Michael Matt (Getty Images)
Devant le roi de Suède

Henrik Kristoffersen s’élance alors mais comme Hirscher, on le sent en surrégime et très vite il part à la faute. Incrédule, il hésitera même à remonter mais c’est trop tard. Le champion olympique est suédois et non Norvégien. « J’étais un peu en retard sur cette épingle à cheveux, a-t-il expliqué. Et sur la porte suivante, j’étais trop large et ma chaussure à heurté la neige. Je me suis vite relevé mais si je n’avais pas eu le piquet entre les jambes ça aurait pu aller. » Au bas de la piste, le roi de Suède Charles XVI de Suède n’en rate pas une miette. Il sera un des premiers à féliciter le nouveau héros qui succède à Ingemar Stenmark, le dernier Suédois sacré en ski alpin à Lake Placid en 1980. Du haut de ses 35 ans, Andre Myhrer devient le slalomeur le plus âgé à remporter l’or olympique après les 34 ans de Mario Matt, il y a quatre ans. « Je pense que l’expérience a joué en ma faveur. Ce sont mes quatrième Jeux et j’ai une certaine routine, a-t-il expliqué. Aujourd’hui, j’ai essayé de prendre du plaisir et de laisser mon cœur sur la piste. »

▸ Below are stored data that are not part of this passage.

lemma Liminf_ln_div_le:
  assumes "0 < f s" "s \<le> h"
  shows "Liminf at_top (\<lambda>R. ereal (ln (f R) / R)) \<le> ereal (ln K / h)"
proof (rule Liminf_ln_div_le_of_exp_bound)
  have pos: "0 < f R" if "s \<le> R" for R
    using assms(1) monoD[OF mono that] by linarith
  show "0 < f h" by (rule pos[OF assms(2)])
  show "eventually (\<lambda>R. 0 < f R \<and> f R \<le> f h * exp (ln K / h * R)) at_top"
    using eventually_ge_at_top[of h]
  proof eventually_elim
    case (elim R)
    have "R - h \<le> real (nat \<lfloor>R / h\<rfloor>) * h"
      using less_one_plus_nat_floor[of "R / h"] step_pos by (simp add: field_simps)
    then have "f (h + (R - h)) \<le> K ^ nat \<lfloor>R / h\<rfloor> * f h"
      using assms(2) by (rule le_power_mult[rotated])
    also have "\<dots> \<le> exp (ln K / h * R) * f h"
      using power_nat_floor_le_exp[of K h R] factor_ge_1 step_pos elim pos[OF assms(2)]
      by (intro mult_right_mono) auto
    finally show ?case using pos[of R] assms(2) elim by (simp add: mult.commute)
  qed
qed

end

lemma shift_bounded_orbit_count:
  fixes \<phi> :: "'g \<Rightarrow> 'a::metric_space \<Rightarrow> 'a"
  assumes "length_space TYPE('a)" "group G" "isometric_action G \<phi>" "proper_action G \<phi>"
    and "quotient_diam_le G \<phi> D" "1 < C0" "D < R0"
    and pos: "0 < orbit_count G \<phi> x0 (R0/2)"
    and doubling: "\<And>r. r \<in> {R0/2..2*R0} \<Longrightarrow>
      orbit_count G \<phi> x0 (2*r) \<le> C0 * orbit_count G \<phi> x0 r"
  shows "shift_bounded (orbit_count G \<phi> x0) (R0/2) R0 (C0^3)"
proof
  let ?N = "orbit_count G \<phi> x0"
  have "0 < R0" using quotient_diam_nonneg[OF assms(2,5)] \<open>D < R0\<close> by linarith
  then show "0 < R0" "1 \<le> C0^3" using \<open>1 < C0\<close> by simp_all
  have "?N (4*R0) \<le> C0 * ?N (2*R0)" using doubling[of "2*R0"] \<open>0 < R0\<close> by simp
  also have "\<dots> \<le> C0 * (C0 * ?N R0)" using doubling[of R0] \<open>0 < R0\<close> \<open>1 < C0\<close> by simp
  also have "\<dots> \<le> C0 * (C0 * (C0 * ?N (R0/2)))"
    using doubling[of "R0/2"] \<open>0 < R0\<close> \<open>1 < C0\<close> by simp
  finally have "?N (4*R0) \<le> C0^3 * ?N (R0/2)" by (simp add: power3_eq_cube mult.assoc)
  then show "?N (\<rho> + R0) \<le> C0^3 * ?N \<rho>" if "R0/2 \<le> \<rho>" for \<rho>
    using orbit_count_shift_le[OF assms(1-5,7) pos] that by blast
  show "mono ?N" using orbit_count_mono[OF assms(4)] by (rule monoI)
qed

Ramon Zenhaeusern (Getty Images)

Ramon Zenhaeusern, le Suisse, signe le meilleur résultat de sa carrière même s’il avait remporté il y a quelques semaines le slalom parallèle de Stockholm. « C’est incroyable, a-t-il déclaré. C’est ma première conférence de presse. C’est comme un rêve. En Europe, c’est tôt le matin et moi je suis en train de me réveiller. »

Côté français, le résultat collectif est beau mais un peu frustrant : Clément Noël, Alexis Pinturault et Victor Muffat-Jeandet terminent respectivement 4e, 5e et 6e.